Canada’s main stock index ended higher on Thursday as higher metal prices boosted the materials sector, but the market’s gains were held in check as investors worried that interest rate cuts in the U.S. could be delayed.
The S&P/TSX composite index ended up 52.39 points, or 0.2%, at 21,708.44, while the S&P 500 closed lower for a fifth straight session.
The decline for the U.S. benchmark stock index came as economic data and comments from Federal Reserve officials suggested the central bank was unlikely to cut interest rates in the near future.
“It is continuing to look like a higher rates for longer situation and it might not be until next year that we start to see U.S. rates come down,” said Graham Priest, investment advisor at BlueShore Financial.
The TSX snapped its own recent losing streak on Wednesday but gains were capped by the Canadian government’s planned tax increase on investment profits.
Canada’s plan to raise taxes on the savings of wealthy people and corporations is likely to hold back investment, potentially adding to the productivity malaise that has held back economic growth in recent years, say economists.
The materials sector on Thursday climbed 1.2% as gold and copper prices rose, with shares of First Quantum Minerals Ltd ending 8.9% higher.
The utilities group was another bright spot, adding 1.1%, and heavily-weighted financials were up 0.3%.
Energy was a drag, falling 0.5%, as the price of oil held near its lowest level in three weeks. U.S. crude oil futures settled 4 cents higher at US$82.73 a barrel.
U.S. economic data showed that the labour market remained resilient, as weekly initial unemployment claims were unchanged from the prior week at 212,000 while a gauge of manufacturing in the mid-Atlantic region rose to a two-year high.

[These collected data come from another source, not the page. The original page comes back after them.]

(* Let $\mathcal{C}$ be a $((j,K,d))$ spin code and $n=2j$. Then the $n$-qubit code $\mathscr{D}(\mathcal{C})$ satisfies the Knill–Laflamme conditions for all spherical Pauli errors $\mathrm{Sph}(E)$ with $E$ an $n$-qubit Pauli operator of weight $<d$: for all $|u\rangle,|v\rangle\in\mathcal{C}$, $\langle u|\mathscr{D}^\dagger\mathrm{Sph}(E)\mathscr{D}|v\rangle=c_E\langle u|v\rangle$ with $c_E$ independent of $u,v$.
   Context: Spin $j$: the irrep $\mathcal{H}_j$ of $\mathrm{SU}(2)$ with basis $|j,m\rangle$. Spherical tensors $T^k_q=\sqrt{\tfrac{2k+1}{2j+1}}\sum_m C^{j\,m+q}_{k\,q,\,j\,m}|j,m+q\rangle\langle j,m|$. A $((j,K,d))$ spin code is a $K$-dimensional subspace of $\mathcal{H}_j$ with $\langle\phi|T^k_q|\psi\rangle=c_{k,q}\langle\phi|\psi\rangle$ for all codewords and all $k<d$, $|q|\le k$. The Dicke mapping $\mathscr{D}$ is the linear isometry $|j,m\rangle\mapsto|D^{2j}_{j-m}\rangle$, $|D^n_w\rangle$ the normalized uniform superposition of weight-$w$ computational basis states. For an $n$-qubit operator $A$ and permutation $\sigma\in S_n$ let $P_\sigma$ be the matrix permuting tensor factors; $\mathrm{Sym}(A)=\tfrac{1}{n!}\sum_{\sigma\in S_n}P_\sigma^\dagger AP_\sigma$. A Pauli $E$ of weight $w$ is uniquely a product $E=E_1\cdots E_w$ of weight-one Paulis (on distinct qubits), and $\mathrm{Sph}(E)=\mathrm{Sym}(E_1)\cdots\mathrm{Sym}(E_w)$ (with $\mathrm{Sph}(I)=I$). *)

theory Defs
  imports "Jordan_Normal_Form.VS_Connect" "Jordan_Normal_Form.Schur_Decomposition"
          "HOL-Combinatorics.Permutations"
begin

section \<open>Clebsch-Gordan coefficients (Condon-Shortley convention, Racah formula)\<close>

text \<open>All angular momenta and projections are passed DOUBLED (as integers), so that
  half-integer values are representable.  cg tJ tM tj1 tm1 tj2 tm2 is the coefficient
  C^{J M}_{j1 m1, j2 m2} = <j1 m1; j2 m2 | J M> with tJ = 2J, tM = 2M, etc.
  It is zero unless all selection rules hold.\<close>

definition inv_fact_int :: "int \<Rightarrow> real" where
  "inv_fact_int x = (if x < 0 then 0 else 1 / fact (nat x))"

definition fact_int :: "int \<Rightarrow> real" where
  "fact_int x = fact (nat x)"

definition cg_valid :: "int \<Rightarrow> int \<Rightarrow> int \<Rightarrow> int \<Rightarrow> int \<Rightarrow> int \<Rightarrow> bool" where
  "cg_valid tJ tM tj1 tm1 tj2 tm2 \<longleftrightarrow>
     tM = tm1 + tm2 \<and> 0 \<le> tj1 \<and> 0 \<le> tj2 \<and> 0 \<le> tJ \<and>
     \<bar>tm1\<bar> \<le> tj1 \<and> \<bar>tm2\<bar> \<le> tj2 \<and> \<bar>tM\<bar> \<le> tJ \<and>
     even (tj1 + tm1) \<and> even (tj2 + tm2) \<and> even (tJ + tM) \<and>
     \<bar>tj1 - tj2\<bar> \<le> tJ \<and> tJ \<le> tj1 + tj2 \<and> even (tj1 + tj2 + tJ)"

definition cg :: "int \<Rightarrow> int \<Rightarrow> int \<Rightarrow> int \<Rightarrow> int \<Rightarrow> int \<Rightarrow> real" where
  "cg tJ tM tj1 tm1 tj2 tm2 =
    (if cg_valid tJ tM tj1 tm1 tj2 tm2 then
       sqrt (real_of_int (tJ + 1) * fact_int ((tJ + tj1 - tj2) div 2) * fact_int ((tJ - tj1 + tj2) div 2)
             * fact_int ((tj1 + tj2 - tJ) div 2) / fact_int ((tj1 + tj2 + tJ) div 2 + 1))
     * sqrt (fact_int ((tJ + tM) div 2) * fact_int ((tJ - tM) div 2)
             * fact_int ((tj1 - tm1) div 2) * fact_int ((tj1 + tm1) div 2)
             * fact_int ((tj2 - tm2) div 2) * fact_int ((tj2 + tm2) div 2))
     * (\<Sum>k\<in>{0..nat ((tj1 + tj2 - tJ) div 2)}.
          (-1) ^ k * inv_fact_int (int k)
          * inv_fact_int ((tj1 + tj2 - tJ) div 2 - int k)
          * inv_fact_int ((tj1 - tm1) div 2 - int k)
          * inv_fact_int ((tj2 + tm2) div 2 - int k)
          * inv_fact_int ((tJ - tj2 + tm1) div 2 + int k)
          * inv_fact_int ((tJ - tj1 - tm2) div 2 + int k))
     else 0)"
(* Let $f,g:\mathbb{N}\to\mathbb{N}$ be functions with $n=o(f(n))$ and $g(n)=o(n^{2})$ as $n\to\infty$, and let $l:\mathbb{N}\to\mathbb{N}$ satisfy $f(n)\le l(n)\le g(n)$ for every $n\in\mathbb{N}$. Then $$r(l(n))\sim \frac{l(n)^{2}}{2\alpha_n}\qquad (n\to\infty).$$
   Context: For $n\in\mathbb{N}$ let $G_n=G(n,3,1)$ be the graph whose vertex set $V_n$ consists of all $3$-element subsets of $\{1,\dots,n\}$ (equivalently, $(0,1)$-vectors in $\mathbb{R}^n$ with exactly three ones), two vertices being adjacent if and only if the corresponding sets share exactly one element (equivalently, the vectors have scalar product $1$). Let $\alpha_n$ denote the independence number of $G(n,3,1)$. For $W\subseteq V_n$ let $r(W)$ be the number of edges of $G(n,3,1)$ with both endpoints in $W$, and for an integer $0\le l\le \binom{n}{3}$ let $r(l)=\min\{r(W): W\subseteq V_n,\ |W|=l\}$ (so $r(l(n))$ is computed in $G(n,3,1)$). *)

theory Defs
  imports Main "HOL-Library.Landau_Symbols"
begin

definition V :: "nat \<Rightarrow> nat set set" where
  "V n = {A. A \<subseteq> {1..n} \<and> card A = 3}"

definition adj :: "nat set \<Rightarrow> nat set \<Rightarrow> bool" where
  "adj A B \<longleftrightarrow> card (A \<inter> B) = 1"

definition alpha :: "nat \<Rightarrow> nat" where
  "alpha n = Max {card W | W. W \<subseteq> V n \<and> (\<forall>A\<in>W. \<forall>B\<in>W. \<not> adj A B)}"

definition redges :: "nat set set \<Rightarrow> nat" where
  "redges W = card {{A, B} | A B. A \<in> W \<and> B \<in> W \<and> adj A B}"

definition rmin :: "nat \<Rightarrow> nat \<Rightarrow> nat" where
  "rmin n l = Min {redges W | W. W \<subseteq> V n \<and> card W = l}"

end

theory Submission
  imports Defs
begin
lemma centred_Xprod_covariance:
  "\<bar>\<integral>\<omega>. (Xprod q k \<omega> - mean_prod) * (Xprod q k' \<omega> - mean_prod) \<partial>M\<bar>
    \<le> pair_const * (pair_weight (exp (- \<kappa> / 3)) (doubled_times q k k') ({0..L} \<times> UNIV)
        + D ^ (L + 1) * (pair_weight (exp (- \<kappa> / 3)) (\<lambda>j. q j k) {0..L}
                         + pair_weight (exp (- \<kappa> / 3)) (\<lambda>j. q j k') {0..L}))"
proof -
  let ?P = "Xprod q k" and ?P' = "Xprod q k'" and ?a = mean_prod
  have i1: "integrable M (\<lambda>\<omega>. ?P \<omega> * ?P' \<omega> - ?a * ?P \<omega>)"
    using Xprod_mult_integrable Xprod_integrable by auto
  have i2: "integrable M (\<lambda>\<omega>. ?P \<omega> * ?P' \<omega> - ?a * ?P \<omega> - ?a * ?P' \<omega>)"
    using i1 Xprod_integrable by auto
  have "(\<integral>\<omega>. (?P \<omega> - ?a) * (?P' \<omega> - ?a) \<partial>M)
      = (\<integral>\<omega>. (?P \<omega> * ?P' \<omega> - ?a * ?P \<omega> - ?a * ?P' \<omega>) + ?a * ?a \<partial>M)"
    by (rule Bochner_Integration.integral_cong) (auto simp: algebra_simps)
  also have "\<dots> = (\<integral>\<omega>. ?P \<omega> * ?P' \<omega> \<partial>M) - ?a * (\<integral>\<omega>. ?P \<omega> \<partial>M) - ?a * (\<integral>\<omega>. ?P' \<omega> \<partial>M) + ?a * ?a"
    using i1 i2 Xprod_mult_integrable Xprod_integrable by (simp add: prob_space)
  also have "\<dots> = ((\<integral>\<omega>. ?P \<omega> * ?P' \<omega> \<partial>M) - ?a * ?a)
                 - ?a * ((\<integral>\<omega>. ?P \<omega> \<partial>M) - ?a) - ?a * ((\<integral>\<omega>. ?P' \<omega> \<partial>M) - ?a)"
    by (simp add: algebra_simps)
  finally have expand: "(\<integral>\<omega>. (?P \<omega> - ?a) * (?P' \<omega> - ?a) \<partial>M) = \<dots>" .
  have dev: "\<bar>?a * ((\<integral>\<omega>. Xprod q k'' \<omega> \<partial>M) - ?a)\<bar>
      \<le> D ^ (L + 1) * (pair_const * pair_weight (exp (- \<kappa> / 3)) (\<lambda>j. q j k'') {0..L})" for k''
    unfolding abs_mult by (rule mult_mono[OF mean_prod_abs Xprod_mean_deviation]) (use D_nonneg in auto)
  show ?thesis unfolding expand using Xprod_pair_mean_deviation[of q k k'] dev[of k] dev[of k']
    by (simp add: algebra_simps)
qed
lemma puv_sphere_lift_parallel_iff:
  assumes E: "twice_differentiable E"
  shows "parallel_to (puv (S \<circ> E) x) (plane_lift f n (E x)) \<longleftrightarrow>
    second_fundamental_form f n (E x) (pv E x) (pu E x) =
      r (E x) * third_fundamental_form n (E x) (pv E x) (pu E x)"
proof -
  define g where "g = pu (S \<circ> E)"
  have g_eq: "g y = dF S (E y) (pu E y)" for y
    unfolding g_def by (rule pu_compose[OF twice_differentiable_S E])
  have incident: "snd (g y) = (n \<circ> E) y \<bullet> fst (g y)" for y
    using dF_sphere_lift_parallel[of "E y"] unfolding parallel_to_plane_lift_iff g_eq by simp
  have "g differentiable at x"
    using twice_differentiable_compose[OF twice_differentiable_S E]
    unfolding g_def pu_def dF_def twice_differentiable_def by blast
  then have g': "(g has_derivative dF g x) (at x)"
    unfolding dF_def by (rule frechet_derivative_works[THEN iffD1])
  have n': "((n \<circ> E) has_derivative dF n (E x) \<circ> dF E x) (at x)"
    by (intro diff_chain_at twice_differentiable_has_derivative E twice_differentiable_n)
  have "snd (puv (S \<circ> E) x) =
      n (E x) \<bullet> fst (puv (S \<circ> E) x) + dF n (E x) (pv E x) \<bullet> fst (g x)"
    using has_derivative_incidence[OF g' n' incident, of "(0, 1)"]
    unfolding puv_def pv_def g_def by simp
  moreover have "dF n (E x) (pv E x) \<bullet> fst (g x) =
      r (E x) * third_fundamental_form n (E x) (pv E x) (pu E x) -
      second_fundamental_form f n (E x) (pv E x) (pu E x)"
    using normal_orthogonal_dF_n[of "E x" "pv E x"]
    by (simp add: g_eq dF_sphere_lift second_fundamental_form_def third_fundamental_form_def
        inner_add_right inner_commute)
  ultimately show ?thesis
    unfolding parallel_to_plane_lift_iff by auto
qed

lemma L_conj_net_sphere_liftD:
  assumes D: "diffeo D"
    and net: "L_conj_net (S \<circ> D) (plane_lift f n \<circ> D) q (pu (S \<circ> D) q) (pv (S \<circ> D) q)"
  shows "second_fundamental_form f n (D q) (pv D q) (pu D q) =
    r (D q) * third_fundamental_form n (D q) (pv D q) (pu D q)"
proof -
  obtain D' q' where D': "diffeo D'" "D' q' = q"
    and par_u: "vec_parallel (pu (S \<circ> D \<circ> D') q') (pu (S \<circ> D) q)"
    and par_v: "vec_parallel (pv (S \<circ> D \<circ> D') q') (pv (S \<circ> D) q)"
    and par_uv: "parallel_to (puv (S \<circ> D \<circ> D') q') ((plane_lift f n \<circ> D \<circ> D') q')"
    using net unfolding L_conj_net_def by blast
  define E where "E = D \<circ> D'"
  have D2: "twice_differentiable D" and E2: "twice_differentiable E"
    using D D' diffeo_imp_twice_differentiable twice_differentiable_compose
    unfolding E_def by blast+
  have Eq': "E q' = D q"
    using D' by (simp add: E_def)
  have SE: "S \<circ> D \<circ> D' = S \<circ> E"
    by (simp add: E_def o_assoc)
  obtain k1 k2 where k: "k1 \<noteq> 0" "k2 \<noteq> 0"
    and pu_E: "pu E q' = k1 *\<^sub>R pu D q" and pv_E: "pv E q' = k2 *\<^sub>R pv D q"
    using par_u par_v vec_parallel_dF_sphere_lift
    unfolding SE pu_compose[OF twice_differentiable_S D2] pv_compose[OF twice_differentiable_S D2]
      pu_compose[OF twice_differentiable_S E2] pv_compose[OF twice_differentiable_S E2] Eq'
    by metis
  have "parallel_to (puv (S \<circ> E) q') (plane_lift f n (E q'))"
    using par_uv by (simp add: SE E_def)
  then have "second_fundamental_form f n (E q') (pv E q') (pu E q') =
      r (E q') * third_fundamental_form n (E q') (pv E q') (pu E q')"
    by (rule puv_sphere_lift_parallel_iff[OF E2, THEN iffD1])
  then show ?thesis
    using k by (simp add: Eq' pu_E pv_E fundamental_forms_scaleR)
qed

lemma L_conj_net_sphere_liftI:
  assumes D: "diffeo D"
    and forms: "second_fundamental_form f n (D q) (pv D q) (pu D q) =
      r (D q) * third_fundamental_form n (D q) (pv D q) (pu D q)"
  shows "L_conj_net (S \<circ> D) (plane_lift f n \<circ> D) q (pu (S \<circ> D) q) (pv (S \<circ> D) q)"
proof -
  have D2: "twice_differentiable D"
    using D by (rule diffeo_imp_twice_differentiable)
  have SD: "pu (S \<circ> D) q = dF S (D q) (pu D q)" "pv (S \<circ> D) q = dF S (D q) (pv D q)"
    using pu_compose[OF twice_differentiable_S D2] pv_compose[OF twice_differentiable_S D2] by simp_all
  have "pu (S \<circ> D) q \<noteq> 0" "pv (S \<circ> D) q \<noteq> 0"
    using diffeo_non_parallel_pu_pv[OF D] non_parallel_nonzero dF_sphere_lift_injective
    unfolding SD by blast+
  then have "vec_parallel (pu (S \<circ> D) q) (pu (S \<circ> D) q)"
    "vec_parallel (pv (S \<circ> D) q) (pv (S \<circ> D) q)"
    unfolding vec_parallel_def by (metis scaleR_one)+
  moreover have "parallel_to (pu (S \<circ> D) q) (plane_lift f n (D q))"
    "parallel_to (pv (S \<circ> D) q) (plane_lift f n (D q))"
    unfolding SD by (rule dF_sphere_lift_parallel)+
  moreover have "parallel_to (puv (S \<circ> D) q) (plane_lift f n (D q))"
    using forms puv_sphere_lift_parallel_iff[OF D2] by blast
  ultimately show ?thesis
    unfolding L_conj_net_def using diffeo_id by (intro exI[of _ id] exI[of _ q]) simp
qed
lemma max_star_ideal_prime:
  assumes M: "max_star_ideal st M"
  shows "prime_ideal M"
  unfolding prime_ideal_def
proof (intro conjI ballI impI)
  show "submod M" "integral M" "1 \<notin> M"
    using M max_star_ideal_int_ideal max_star_ideal_one_notin by (auto simp: int_ideal_def int_ideal_submod)
  fix a b assume a: "a \<in> Dset" and b: "b \<in> Dset" and ab: "a * b \<in> M"
  show "a \<in> M \<or> b \<in> M"
  proof (rule ccontr)
    assume "\<not> (a \<in> M \<or> b \<in> M)"
    then have "a \<notin> M" "b \<notin> M" by auto
    have iM: "int_ideal M" and sM: "submod M"
      using M by (simp_all add: max_star_ideal_int_ideal max_star_ideal_submod)
    have "a \<noteq> 0" "b \<noteq> 0"
      using \<open>a \<notin> M\<close> \<open>b \<notin> M\<close> submod_0[OF sM] by auto
    define A where "A = ideal_sum M (smult_set a Dset)"
    have iA: "int_ideal A"
      unfolding A_def using iM int_ideal_principal[OF a \<open>a \<noteq> 0\<close>] by (rule int_ideal_ideal_sum)
    have "a \<in> A"
      unfolding A_def using ideal_sum_upper2[OF sM] smult_set_self by blast
    then have "st A = Dset"
      using max_star_ideal_st_eq_Dset[OF M iA] ideal_sum_upper1[OF submod_smult_set[OF submod_Dset]]
        \<open>a \<notin> M\<close> by (auto simp: A_def)
    then have "b \<in> st (smult_set b A)"
      using st_smult_set[OF \<open>b \<noteq> 0\<close>] iA smult_setI[OF Dset_1, of b] by (simp add: int_ideal_def)
    moreover have "smult_set b A \<subseteq> M"
    proof
      fix z assume "z \<in> smult_set b A"
      then obtain m e where "m \<in> M" "e \<in> Dset" "z = b * m + e * (a * b)"
        by (auto simp: A_def smult_set_def ideal_sum_def algebra_simps)
      then show "z \<in> M"
        using ab b sM by (auto intro: submod_add submod_mult)
    qed
    then have "st (smult_set b A) \<subseteq> M"
      using iA iM \<open>b \<noteq> 0\<close> max_star_ideal_st_eq[OF M]
      by (metis int_ideal_def frac_ideal_smult_set st_mono)
    ultimately show False
      using \<open>b \<notin> M\<close> by auto
  qed
qed

lemma max_star_ideals_comaximal:
  assumes P: "max_star_ideal st P" and Q: "max_star_ideal st Q" and "P \<noteq> Q"
  shows "st (ideal_sum P Q) = Dset"
proof (rule max_star_ideal_st_eq_Dset[OF P])
  have sP: "submod P" and sQ: "submod Q"
    using P Q by (simp_all add: max_star_ideal_submod)
  show "int_ideal (ideal_sum P Q)"
    using P Q by (simp add: int_ideal_ideal_sum max_star_ideal_int_ideal)
  show "P \<subseteq> ideal_sum P Q"
    using sQ by (rule ideal_sum_upper1)
  have "\<not> Q \<subseteq> P"
    using max_star_ideal_eqI[OF Q max_star_ideal_int_ideal[OF P] max_star_ideal_st_eq[OF P]]
      max_star_ideal_one_notin[OF P] \<open>P \<noteq> Q\<close> by (metis Dset_1)
  then show "\<not> ideal_sum P Q \<subseteq> P"
    using ideal_sum_upper2[OF sP] by blast
qed

lemma proper_ft_star_ideal_st_gen:
  assumes T: "int_ideal (gen T)" "finite T" and P: "max_star_ideal st P" "T \<subseteq> P"
  shows "proper_ft_star_ideal st (st (gen T))" "st (gen T) \<subseteq> P"
proof -
  have "gen T \<subseteq> P"
    using gen_least[OF T(2) P(2) max_star_ideal_submod[OF P(1)]] .
  then show "st (gen T) \<subseteq> P"
    using st_mono[OF _ _ \<open>gen T \<subseteq> P\<close>] T(1) max_star_ideal_int_ideal[OF P(1)] max_star_ideal_st_eq[OF P(1)]
    by (simp add: int_ideal_def)
  then have "st (gen T) \<noteq> Dset"
    using max_star_ideal_one_notin[OF P(1)] by auto
  moreover have "finite_type st (st (gen T))"
    using T by (auto simp: finite_type_def fin_gen_def int_ideal_def)
  ultimately show "proper_ft_star_ideal st (st (gen T))"
    using st_int_ideal[OF T(1)] star_ideal_st T(1)
    by (simp add: proper_ft_star_ideal_def int_ideal_def)
qed

lemma proper_ft_star_ideal_enlarge:
  assumes T: "finite T" "frac_ideal (gen T)" and M: "max_star_ideal st M" "st (gen T) \<subseteq> M"
    and V: "finite V" "V \<subseteq> M"
  shows "proper_ft_star_ideal st (st (gen (T \<union> V)))" "st (gen T) \<subseteq> st (gen (T \<union> V))"
    "V \<subseteq> st (gen (T \<union> V))"
proof -
  have fin: "finite (T \<union> V)"
    using T(1) V(1) by simp
  have "T \<subseteq> M"
    using gen_subset[OF T(1)] st_extensive[OF T(2)] M(2) by blast
  then have sub: "T \<union> V \<subseteq> M"
    using V(2) by blast
  have TV: "gen T \<subseteq> gen (T \<union> V)"
    using gen_mono[OF fin] by blast
  obtain a where "a \<in> gen T" "a \<noteq> 0"
    using frac_ideal_nonzero[OF T(2)] by blast
  moreover have "T \<union> V \<subseteq> Dset"
    using sub max_star_ideal_int_ideal[OF M(1)] by (auto simp: int_ideal_def integral_def)
  ultimately have iTV: "int_ideal (gen (T \<union> V))"
    using int_ideal_gen[OF fin] TV by blast
  show "proper_ft_star_ideal st (st (gen (T \<union> V)))"
    using proper_ft_star_ideal_st_gen(1)[OF iTV fin M(1) sub] .
  show "st (gen T) \<subseteq> st (gen (T \<union> V))"
    using st_mono[OF T(2) _ TV] iTV by (simp add: int_ideal_def)
  show "V \<subseteq> st (gen (T \<union> V))"
    using gen_subset[OF fin] st_extensive iTV by (auto simp: int_ideal_def)
qed

end

locale finite_star_op = star_op +
  assumes finite_character: "finite_character st"
begin

lemma finite_characterE:
  assumes "frac_ideal I" "z \<in> st I"
  obtains S where "finite S" "S \<subseteq> I" "frac_ideal (gen S)" "z \<in> st (gen S)"
proof -
  have "z \<in> \<Union>{st J | J. frac_ideal J \<and> fin_gen J \<and> J \<subseteq> I}"
    using assms finite_character unfolding finite_character_def by simp
  then obtain J where J: "frac_ideal J" "fin_gen J" "J \<subseteq> I" "z \<in> st J"
    by blast
  then obtain S where S: "finite S" "J = gen S"
    by (auto simp: fin_gen_def)
  show thesis
  proof (rule that)
    show "S \<subseteq> I"
      using gen_subset[OF S(1)] J(3) S(2) by blast
  qed (use S J in simp_all)
qed

lemma proper_star_ideal_Union_chain:
  assumes C: "C \<noteq> {}" "subset.chain {N. submod N} C"
    and CX: "\<And>X. X \<in> C \<Longrightarrow> int_ideal X \<and> st X = X \<and> X \<noteq> Dset"
  shows "int_ideal (\<Union>C)" "st (\<Union>C) = \<Union>C" "\<Union>C \<noteq> Dset"
proof -
  obtain X0 where "X0 \<in> C"
    using C(1) by blast
  moreover obtain a where "a \<in> X0" "a \<noteq> 0"
    using CX[OF \<open>X0 \<in> C\<close>] frac_ideal_nonzero by (auto simp: int_ideal_def)
  ultimately have "a \<in> \<Union>C" "a \<noteq> 0"
    by blast+
  moreover have "\<Union>C \<subseteq> Dset"
    using CX by (auto simp: int_ideal_def integral_def)
  ultimately show iU: "int_ideal (\<Union>C)"
    using int_idealI[OF submod_Union_chain[OF C(2,1)]] by blast
  have "st (\<Union>C) \<subseteq> \<Union>C"
  proof
    fix z assume "z \<in> st (\<Union>C)"
    with iU obtain S where S: "finite S" "S \<subseteq> \<Union>C" "frac_ideal (gen S)" "z \<in> st (gen S)"
      unfolding int_ideal_def using finite_characterE by blast
    obtain X where X: "X \<in> C" "S \<subseteq> X"
      using finite_subset_Union_chain[OF S(1,2) C(1,2)] by blast
    have "frac_ideal X" "submod X" "st X = X"
      using CX[OF X(1)] by (simp_all add: int_ideal_def frac_ideal_submod)
    then have "st (gen S) \<subseteq> X"
      using st_mono[OF S(3) _ gen_least[OF S(1) X(2)]] by simp
    with S(4) X(1) show "z \<in> \<Union>C"
      by blast
  qed
  then show "st (\<Union>C) = \<Union>C"
    using iU st_extensive[of "\<Union>C"] by (simp add: int_ideal_def)
  show "\<Union>C \<noteq> Dset"
  proof
    assume "\<Union>C = Dset"
    then obtain X where X: "X \<in> C" "1 \<in> X"
      using Dset_1 by blast
    then show False
      using CX[OF X(1)] submod_eq_DsetI[OF int_ideal_submod, of X] by (simp add: int_ideal_def)
  qed
qed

The solid labour market, recent reading showing sticky inflation, and comments from Fed officials, including Chair Jerome Powell, have led markets to back off expectations the central bank would cut interest rates by at least 25 basis points at its June meeting.
Comments on Thursday from Fed officials reiterated the lack of urgency to lower rates, as New York Federal Reserve President John Williams cited the robust economy while Atlanta Federal Reserve President Raphael Bostic said he is “comfortable being patient” as inflation is returning to the Fed’s 2% target more slowly than expected.
Market expectations for a rate cut of at least 25 bps in June have shrunk to 15.2%, according to CME’s FedWatch Tool, with July standing at 41.5%. down from 48.4% a week ago.
The S&P 500 lost 0.22%. The Dow gained 0.06% while the Nasdaq fell 0.22%.
After the closing bell, Netflix fell about 4% in extended trade after posting its quarterly results.
On the plus side, stock Meta Platforms rose 1.54% as the biggest boost to the S&P 500 after Bernstein raised its price target to US$590 from US$535.
Earnings season continued to pick up steam with Genuine Parts surging 11.22% as the top percentage gainer on the S&P, after the automotive parts distributor raised its 2024 profit forecast.
In contrast, Las Vegas Sands dropped 8.66% as the worst S&P performer despite beating quarterly expectations, as multiple brokerages cut their price target on the stock, citing weakness in its Macau operations.
Equifax also tumbled, down 8.49% after the credit ratings firm forecast its second-quarter revenue below estimates.
On the NYSE declining issues outnumbered advancing ones by a 1.2-to-1 ratio and by a 1.18-to-1 ratio on the Nasdaq. The NYSE saw 34 new highs and 95 new lows while the Nasdaq had 24 new highs and 238 new lows. Volume on U.S. exchanges was 10.54 billion shares, compared with the 10.99 billion average for the full session over the last 20 trading days.